Evliya Çelebi'nin gözünden Kayseri'nin unutulmaz hikayesi!
1649 yılında Kayseri'yi ziyaret eden ünlü seyyah Evliya Çelebi, Seyahatname adlı eserinde bu şehre dair dikkat çekici bilgilere yer vermiş. Ayrıntılar Kayseri Anadolu Haber'de...
1649 yılında Kayseri'yi ziyaret eden ünlü seyyah Evliya Çelebi, Seyahatname adlı eserinde bu şehre dair dikkat çekici bilgilere yer vermiş. O dönemin Kayseri'si, günümüzde pek çok kişinin bilmediği ilginç yönleriyle öne çıkıyor. İşte Evliya Çelebi’nin Seyahatname ‘sinden Kayseri hakkında öne çıkan noktalar…
Kayseri’nin Kurucusu: Erciş
Evliya Çelebi’ye göre Kayseri'nin kurucusu, adı Erciş olarak bilinen bir kraldır. İlginç bir şekilde, şehrin kurucusunun adının Erciyes Dağı ile de bağlantılı olduğunu belirten Çelebi, ‘‘Erciş’‘ kelimesinin anlamının ise ‘‘bilinmeyen âlemin askerleri’‘ olduğunu ifade eder.

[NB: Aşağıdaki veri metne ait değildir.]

lemma finite_EC: "finite (EC m a \<pi>)"
proof (rule finite_subset)
  show "EC m a \<pi> \<subseteq> PiE {1..m} (\<lambda>j. {0, 1, a (\<pi> j) j})"
  proof
    fix \<gamma> assume \<gamma>: "\<gamma> \<in> EC m a \<pi>"
    have "\<gamma> j \<in> {0, 1, a (\<pi> j) j}" if "j \<in> {1..m}" for j
      using EC_fixed[OF \<gamma>, of j] EC_moved[OF \<gamma> that] that
      by (cases "\<pi> j = j") (auto simp: fixpts_def)
    moreover have "\<gamma> \<in> extensional {1..m}"
      using \<gamma> by (simp add: EC_def mixed_space_def PiE_def)
    ultimately show "\<gamma> \<in> PiE {1..m} (\<lambda>j. {0, 1, a (\<pi> j) j})"
      by (simp add: PiE_iff)
  qed
qed (simp add: finite_PiE)

text \<open>A moved player i is indifferent: the factor of the player j = \<pi>\<inverse> i vanishes.\<close>
lemma lam_moved:
  assumes \<gamma>: "\<gamma> \<in> EC m a \<pi>" and i: "i \<in> {1..m}" "\<pi> i \<noteq> i"
  shows "lam m U i \<gamma> = 0"
proof -
  define k where "k = inv \<pi> i"
  have k: "\<pi> k = i" "k \<in> {1..m}"
    using permutes_inverses(1)[OF \<pi>] permutes_in_image[OF permutes_inv[OF \<pi>]] i(1)
    unfolding k_def by blast+
  then have "\<gamma> k - a i k = 0"
    using EC_moved[OF \<gamma>] i by fastforce
  then have "(\<Prod>j\<in>{1..m} - {i}. \<gamma> j - a i j) = 0"
    using k i by (intro prod_zero) auto
  then show ?thesis
    using lam_eq i \<gamma> by (simp add: EC_def)
qed
lemma expected_flex_le_dual:
  assumes "1 \<le> t" and l: "\<And>g. 0 \<le> lh g" "\<And>g. 0 \<le> lc g"
  shows "(\<integral>\<omega>. flex (pr (W t \<omega>)) (\<lambda>g. yh g t \<omega>) (\<lambda>g. yc g t \<omega>) \<partial>M)
    \<le> dual lh lc + (\<Sum>g\<in>UNIV. lh g * (\<integral>\<omega>. ah g (W t \<omega>) - yh g t \<omega> \<partial>M) + lc g * (\<integral>\<omega>. ac g (W t \<omega>) - yc g t \<omega> \<partial>M))"
proof -
  define sd where "sd \<omega> = slot_dual m (pr (W t \<omega>)) (\<lambda>g. ah g (W t \<omega>)) (\<lambda>g. ac g (W t \<omega>)) lh lc" for \<omega>
  define R where "R g \<omega> = lh g * (ah g (W t \<omega>) - yh g t \<omega>) + lc g * (ac g (W t \<omega>) - yc g t \<omega>)" for g \<omega>
  have int_R: "integrable M (R g)" for g
    unfolding R_def using integrable_arrivals integrable_offline[OF assms(1)] by auto
  have int_sd: "integrable M sd"
  proof (rule integrable_if_bounded)
    show "sd \<in> borel_measurable M"
      unfolding sd_def slot_dual_def by measurable
    fix \<omega> assume "\<omega> \<in> space M"
    then show "\<bar>sd \<omega>\<bar> \<le> (\<Sum>g\<in>UNIV. (pmax + lh g + lc g) * m g + lh g * ahmax g + lc g * acmax g)"
      unfolding sd_def using l by (intro abs_slot_dual_state_le W_in_space) auto
  qed
  have "flex (pr (W t \<omega>)) (\<lambda>g. yh g t \<omega>) (\<lambda>g. yc g t \<omega>) \<le> sd \<omega> + (\<Sum>g\<in>UNIV. R g \<omega>)"
    if "\<omega> \<in> space M" for \<omega>
  proof -
    have "(\<Sum>g\<in>UNIV. lh g * (yh g t \<omega> - ah g (W t \<omega>)) + lc g * (yc g t \<omega> - ac g (W t \<omega>))) = - (\<Sum>g\<in>UNIV. R g \<omega>)"
      unfolding R_def sum_negf[symmetric] by (intro sum.cong refl) (simp add: algebra_simps)
    then show ?thesis
      using lagrangian_le_slot_dual[OF offline_feasible_action[OF assms(1) that], where p = "pr (W t \<omega>)"
          and ahs = "\<lambda>g. ah g (W t \<omega>)" and acs = "\<lambda>g. ac g (W t \<omega>)" and lh = lh and lc = lc]
      unfolding lagrangian_def sd_def by simp
  qed
  then have "(\<integral>\<omega>. flex (pr (W t \<omega>)) (\<lambda>g. yh g t \<omega>) (\<lambda>g. yc g t \<omega>) \<partial>M) \<le> (\<integral>\<omega>. sd \<omega> + (\<Sum>g\<in>UNIV. R g \<omega>) \<partial>M)"
    using int_sd int_R integrable_offline_flex[OF assms(1)] by (intro integral_mono) auto
  also have "\<dots> = (\<integral>\<omega>. sd \<omega> \<partial>M) + (\<Sum>g\<in>UNIV. \<integral>\<omega>. R g \<omega> \<partial>M)"
    using int_sd int_R by (subst Bochner_Integration.integral_add) (auto simp: Bochner_Integration.integral_sum)
  also have "(\<integral>\<omega>. sd \<omega> \<partial>M) = dual lh lc"
    unfolding sd_def by (rule integral_slot_dual_eq_dual[OF assms(1)])
  also have "(\<Sum>g\<in>UNIV. \<integral>\<omega>. R g \<omega> \<partial>M)
      = (\<Sum>g\<in>UNIV. lh g * (\<integral>\<omega>. ah g (W t \<omega>) - yh g t \<omega> \<partial>M) + lc g * (\<integral>\<omega>. ac g (W t \<omega>) - yc g t \<omega> \<partial>M))"
    unfolding R_def using integrable_arrivals integrable_offline[OF assms(1)] by simp
  finally show ?thesis .
qed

Kayseri Kalesi ve Şehir Mimarisi
Seyahatname'deKayseri Kalesi ile ilgili de bilgilere yer verilmiş. Çelebi, kalenin aslen Rum hükümdarlarından kaldığını, ancak Danişmentliler döneminde güzelleştirildiğini söyler. O dönemde kalenin içinde altı yüz ev bulunduğunu, dışında ise bin kadar iki katlı ahşap ev olduğunu kaydeder. Ayrıca, kalenin beş ana kapısı olduğunu ve bu kapıların isimlerini Boyacı Kapısı, Kiçikapı, Asarönü Kapısı, Pazar Kapısı ve Sivas Kapısı olarak sıralar.
Ahilik ve Pazarlık Kültürü
Günümüzde ‘‘pazarlıkta usta’‘ olarak bilinen Kayserililer, Evliya Çelebi’nin döneminde esnaf ile pazarlık yapmaktan kaçınırlardı. Özellikle Müslüman esnaflar, ahilik sistemine bağlı oldukları için malın gerçek değerini verdiklerinden pazarlığı kabul etmezlerdi. Buna karşın Ermeni, Rum ve Yahudi esnaflarla pazarlık yapmak mümkünmüş.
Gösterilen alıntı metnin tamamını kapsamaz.